-- DIRECTIONS FOR THIS TASK --
Retype, exactly as they appear below, the lines between the line holding "using op by" and the line holding "with \<open>M >", both ends included.

Stored data entries
········

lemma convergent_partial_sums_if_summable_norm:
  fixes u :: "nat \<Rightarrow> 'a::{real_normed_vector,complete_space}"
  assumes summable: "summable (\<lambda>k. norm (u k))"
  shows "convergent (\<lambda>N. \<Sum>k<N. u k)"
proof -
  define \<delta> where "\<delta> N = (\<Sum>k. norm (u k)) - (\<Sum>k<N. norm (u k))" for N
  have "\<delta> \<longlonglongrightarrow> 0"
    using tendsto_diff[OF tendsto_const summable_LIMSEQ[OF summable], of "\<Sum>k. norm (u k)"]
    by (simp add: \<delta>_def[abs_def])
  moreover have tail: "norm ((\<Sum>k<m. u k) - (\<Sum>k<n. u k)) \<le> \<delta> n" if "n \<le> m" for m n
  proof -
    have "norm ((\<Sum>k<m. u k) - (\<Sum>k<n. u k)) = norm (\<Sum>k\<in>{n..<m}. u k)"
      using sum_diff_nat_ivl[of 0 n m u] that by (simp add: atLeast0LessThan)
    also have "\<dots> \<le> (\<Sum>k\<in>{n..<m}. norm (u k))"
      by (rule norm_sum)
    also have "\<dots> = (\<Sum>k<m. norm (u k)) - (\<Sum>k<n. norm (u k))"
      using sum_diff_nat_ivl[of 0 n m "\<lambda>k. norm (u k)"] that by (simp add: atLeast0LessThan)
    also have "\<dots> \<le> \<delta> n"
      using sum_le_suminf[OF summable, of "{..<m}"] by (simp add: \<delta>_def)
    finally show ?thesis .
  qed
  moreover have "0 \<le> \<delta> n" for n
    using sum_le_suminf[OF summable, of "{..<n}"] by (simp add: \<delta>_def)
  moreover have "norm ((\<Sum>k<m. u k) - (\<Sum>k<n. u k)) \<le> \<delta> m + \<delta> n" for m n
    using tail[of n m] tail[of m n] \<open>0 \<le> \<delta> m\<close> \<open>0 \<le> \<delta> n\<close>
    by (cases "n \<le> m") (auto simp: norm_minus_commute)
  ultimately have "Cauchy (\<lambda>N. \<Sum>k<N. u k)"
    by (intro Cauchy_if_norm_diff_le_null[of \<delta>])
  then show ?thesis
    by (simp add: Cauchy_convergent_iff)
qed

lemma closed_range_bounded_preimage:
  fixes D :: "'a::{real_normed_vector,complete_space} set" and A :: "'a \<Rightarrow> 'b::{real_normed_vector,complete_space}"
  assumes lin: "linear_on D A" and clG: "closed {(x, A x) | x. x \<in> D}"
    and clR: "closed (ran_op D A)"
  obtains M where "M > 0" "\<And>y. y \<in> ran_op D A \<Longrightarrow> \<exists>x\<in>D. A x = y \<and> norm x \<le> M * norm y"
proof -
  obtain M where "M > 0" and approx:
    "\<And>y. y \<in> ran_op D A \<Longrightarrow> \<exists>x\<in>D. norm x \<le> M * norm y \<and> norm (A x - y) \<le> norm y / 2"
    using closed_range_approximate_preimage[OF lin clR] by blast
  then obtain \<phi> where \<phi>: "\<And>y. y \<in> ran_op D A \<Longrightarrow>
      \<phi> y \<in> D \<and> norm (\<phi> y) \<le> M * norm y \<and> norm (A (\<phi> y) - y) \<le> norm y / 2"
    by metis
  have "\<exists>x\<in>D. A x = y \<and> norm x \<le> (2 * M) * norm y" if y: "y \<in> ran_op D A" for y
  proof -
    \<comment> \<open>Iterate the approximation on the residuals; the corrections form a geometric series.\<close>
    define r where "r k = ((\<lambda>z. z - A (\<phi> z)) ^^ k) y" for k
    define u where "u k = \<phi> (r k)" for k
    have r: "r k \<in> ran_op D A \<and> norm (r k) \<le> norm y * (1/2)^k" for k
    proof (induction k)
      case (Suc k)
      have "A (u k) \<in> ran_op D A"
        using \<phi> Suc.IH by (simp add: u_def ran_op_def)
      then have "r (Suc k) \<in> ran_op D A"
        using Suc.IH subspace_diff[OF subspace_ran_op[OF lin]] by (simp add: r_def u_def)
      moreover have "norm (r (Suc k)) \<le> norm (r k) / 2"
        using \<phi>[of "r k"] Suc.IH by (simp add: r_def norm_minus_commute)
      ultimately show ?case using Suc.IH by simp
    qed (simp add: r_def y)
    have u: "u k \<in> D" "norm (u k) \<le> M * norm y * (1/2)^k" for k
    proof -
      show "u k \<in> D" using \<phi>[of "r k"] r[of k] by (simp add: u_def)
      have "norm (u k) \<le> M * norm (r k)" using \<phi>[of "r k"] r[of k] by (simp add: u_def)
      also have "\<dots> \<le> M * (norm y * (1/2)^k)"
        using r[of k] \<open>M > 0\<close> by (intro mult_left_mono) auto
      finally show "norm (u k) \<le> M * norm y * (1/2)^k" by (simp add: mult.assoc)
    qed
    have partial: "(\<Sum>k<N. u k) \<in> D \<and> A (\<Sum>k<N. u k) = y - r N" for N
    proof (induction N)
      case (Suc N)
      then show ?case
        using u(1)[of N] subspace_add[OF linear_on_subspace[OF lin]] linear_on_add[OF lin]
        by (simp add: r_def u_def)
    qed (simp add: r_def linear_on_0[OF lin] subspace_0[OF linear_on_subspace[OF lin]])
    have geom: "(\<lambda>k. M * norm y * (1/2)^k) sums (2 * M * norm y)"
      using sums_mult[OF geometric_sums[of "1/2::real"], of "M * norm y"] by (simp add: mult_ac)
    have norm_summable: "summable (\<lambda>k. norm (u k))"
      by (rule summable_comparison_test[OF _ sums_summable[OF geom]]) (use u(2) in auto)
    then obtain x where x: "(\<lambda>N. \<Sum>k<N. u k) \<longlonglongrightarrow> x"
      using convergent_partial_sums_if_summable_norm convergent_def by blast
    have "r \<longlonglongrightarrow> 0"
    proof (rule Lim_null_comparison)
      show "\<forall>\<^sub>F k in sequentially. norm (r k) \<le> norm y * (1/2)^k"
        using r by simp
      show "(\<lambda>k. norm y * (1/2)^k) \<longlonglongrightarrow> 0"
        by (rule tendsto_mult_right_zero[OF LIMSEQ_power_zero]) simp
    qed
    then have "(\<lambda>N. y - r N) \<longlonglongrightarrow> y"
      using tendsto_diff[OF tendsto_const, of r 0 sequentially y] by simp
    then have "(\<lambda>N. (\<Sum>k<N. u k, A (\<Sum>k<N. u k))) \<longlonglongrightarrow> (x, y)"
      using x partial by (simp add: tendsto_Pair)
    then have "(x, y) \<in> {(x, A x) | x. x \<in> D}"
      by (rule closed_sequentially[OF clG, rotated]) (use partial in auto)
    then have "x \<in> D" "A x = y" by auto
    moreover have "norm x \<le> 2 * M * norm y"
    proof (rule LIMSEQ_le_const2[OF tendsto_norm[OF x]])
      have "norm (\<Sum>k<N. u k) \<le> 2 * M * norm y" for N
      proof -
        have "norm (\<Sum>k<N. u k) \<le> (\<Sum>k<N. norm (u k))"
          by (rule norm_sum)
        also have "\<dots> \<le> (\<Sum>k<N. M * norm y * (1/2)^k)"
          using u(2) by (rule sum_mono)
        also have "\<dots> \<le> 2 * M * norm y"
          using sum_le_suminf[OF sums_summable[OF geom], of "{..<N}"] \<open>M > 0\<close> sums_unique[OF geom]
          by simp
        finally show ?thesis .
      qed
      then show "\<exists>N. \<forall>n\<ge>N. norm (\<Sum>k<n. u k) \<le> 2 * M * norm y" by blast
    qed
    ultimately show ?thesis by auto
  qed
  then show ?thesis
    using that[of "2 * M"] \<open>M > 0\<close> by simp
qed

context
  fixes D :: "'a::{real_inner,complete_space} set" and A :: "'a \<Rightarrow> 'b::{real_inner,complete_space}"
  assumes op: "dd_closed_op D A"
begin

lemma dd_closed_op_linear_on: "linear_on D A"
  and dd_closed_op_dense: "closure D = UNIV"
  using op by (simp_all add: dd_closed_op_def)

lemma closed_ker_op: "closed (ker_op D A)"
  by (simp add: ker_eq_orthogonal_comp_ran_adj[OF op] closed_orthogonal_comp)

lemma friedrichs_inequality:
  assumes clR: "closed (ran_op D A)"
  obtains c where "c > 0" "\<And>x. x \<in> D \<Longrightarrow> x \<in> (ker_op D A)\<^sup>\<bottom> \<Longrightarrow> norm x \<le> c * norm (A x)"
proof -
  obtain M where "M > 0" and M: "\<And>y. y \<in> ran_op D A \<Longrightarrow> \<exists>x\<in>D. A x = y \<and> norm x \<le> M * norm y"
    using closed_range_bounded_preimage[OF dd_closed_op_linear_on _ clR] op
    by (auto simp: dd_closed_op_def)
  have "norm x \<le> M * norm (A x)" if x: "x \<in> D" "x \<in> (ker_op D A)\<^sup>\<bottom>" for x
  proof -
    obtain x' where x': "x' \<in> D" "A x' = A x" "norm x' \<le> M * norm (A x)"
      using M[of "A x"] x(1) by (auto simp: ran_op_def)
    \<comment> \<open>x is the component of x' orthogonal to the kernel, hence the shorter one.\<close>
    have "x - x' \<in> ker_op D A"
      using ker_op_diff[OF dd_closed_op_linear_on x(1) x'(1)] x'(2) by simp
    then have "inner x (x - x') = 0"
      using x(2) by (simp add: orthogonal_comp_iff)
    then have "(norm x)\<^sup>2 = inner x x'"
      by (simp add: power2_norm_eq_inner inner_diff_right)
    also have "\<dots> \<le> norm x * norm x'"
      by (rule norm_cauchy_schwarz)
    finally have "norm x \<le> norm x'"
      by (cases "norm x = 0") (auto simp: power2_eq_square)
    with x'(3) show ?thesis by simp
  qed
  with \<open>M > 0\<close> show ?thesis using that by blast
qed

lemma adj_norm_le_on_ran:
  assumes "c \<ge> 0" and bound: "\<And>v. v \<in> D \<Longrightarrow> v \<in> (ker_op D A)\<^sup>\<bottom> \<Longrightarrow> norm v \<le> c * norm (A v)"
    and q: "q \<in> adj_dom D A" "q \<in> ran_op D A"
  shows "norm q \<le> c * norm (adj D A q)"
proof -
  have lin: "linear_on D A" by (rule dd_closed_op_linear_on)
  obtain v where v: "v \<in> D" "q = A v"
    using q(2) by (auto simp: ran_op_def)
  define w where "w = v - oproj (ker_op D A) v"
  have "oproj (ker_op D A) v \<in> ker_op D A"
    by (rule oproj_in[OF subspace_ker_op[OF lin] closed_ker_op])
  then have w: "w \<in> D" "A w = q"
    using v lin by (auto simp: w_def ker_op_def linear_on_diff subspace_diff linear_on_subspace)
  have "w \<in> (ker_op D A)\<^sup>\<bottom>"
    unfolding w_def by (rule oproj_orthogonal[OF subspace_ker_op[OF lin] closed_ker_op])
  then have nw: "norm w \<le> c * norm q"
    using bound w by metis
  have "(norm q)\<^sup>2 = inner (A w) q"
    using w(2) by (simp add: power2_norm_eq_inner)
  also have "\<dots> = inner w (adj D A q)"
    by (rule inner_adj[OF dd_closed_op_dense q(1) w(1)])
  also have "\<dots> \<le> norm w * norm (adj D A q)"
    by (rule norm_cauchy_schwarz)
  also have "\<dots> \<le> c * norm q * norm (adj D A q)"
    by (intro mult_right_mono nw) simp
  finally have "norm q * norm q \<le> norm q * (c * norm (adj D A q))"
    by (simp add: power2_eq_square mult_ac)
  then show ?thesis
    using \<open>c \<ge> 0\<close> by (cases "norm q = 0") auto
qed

········

-- PROBLEM SOLUTION --
  using op by (simp_all add: dd_closed_op_def)

lemma closed_ker_op: "closed (ker_op D A)"
  by (simp add: ker_eq_orthogonal_comp_ran_adj[OF op] closed_orthogonal_comp)

lemma friedrichs_inequality:
  assumes clR: "closed (ran_op D A)"
  obtains c where "c > 0" "\<And>x. x \<in> D \<Longrightarrow> x \<in> (ker_op D A)\<^sup>\<bottom> \<Longrightarrow> norm x \<le> c * norm (A x)"
proof -
  obtain M where "M > 0" and M: "\<And>y. y \<in> ran_op D A \<Longrightarrow> \<exists>x\<in>D. A x = y \<and> norm x \<le> M * norm y"
    using closed_range_bounded_preimage[OF dd_closed_op_linear_on _ clR] op
    by (auto simp: dd_closed_op_def)
  have "norm x \<le> M * norm (A x)" if x: "x \<in> D" "x \<in> (ker_op D A)\<^sup>\<bottom>" for x
  proof -
    obtain x' where x': "x' \<in> D" "A x' = A x" "norm x' \<le> M * norm (A x)"
      using M[of "A x"] x(1) by (auto simp: ran_op_def)
    \<comment> \<open>x is the component of x' orthogonal to the kernel, hence the shorter one.\<close>
    have "x - x' \<in> ker_op D A"
      using ker_op_diff[OF dd_closed_op_linear_on x(1) x'(1)] x'(2) by simp
    then have "inner x (x - x') = 0"
      using x(2) by (simp add: orthogonal_comp_iff)
    then have "(norm x)\<^sup>2 = inner x x'"
      by (simp add: power2_norm_eq_inner inner_diff_right)
    also have "\<dots> \<le> norm x * norm x'"
      by (rule norm_cauchy_schwarz)
    finally have "norm x \<le> norm x'"
      by (cases "norm x = 0") (auto simp: power2_eq_square)
    with x'(3) show ?thesis by simp
  qed
  with \<open>M > 0\<close> show ?thesis using that by blast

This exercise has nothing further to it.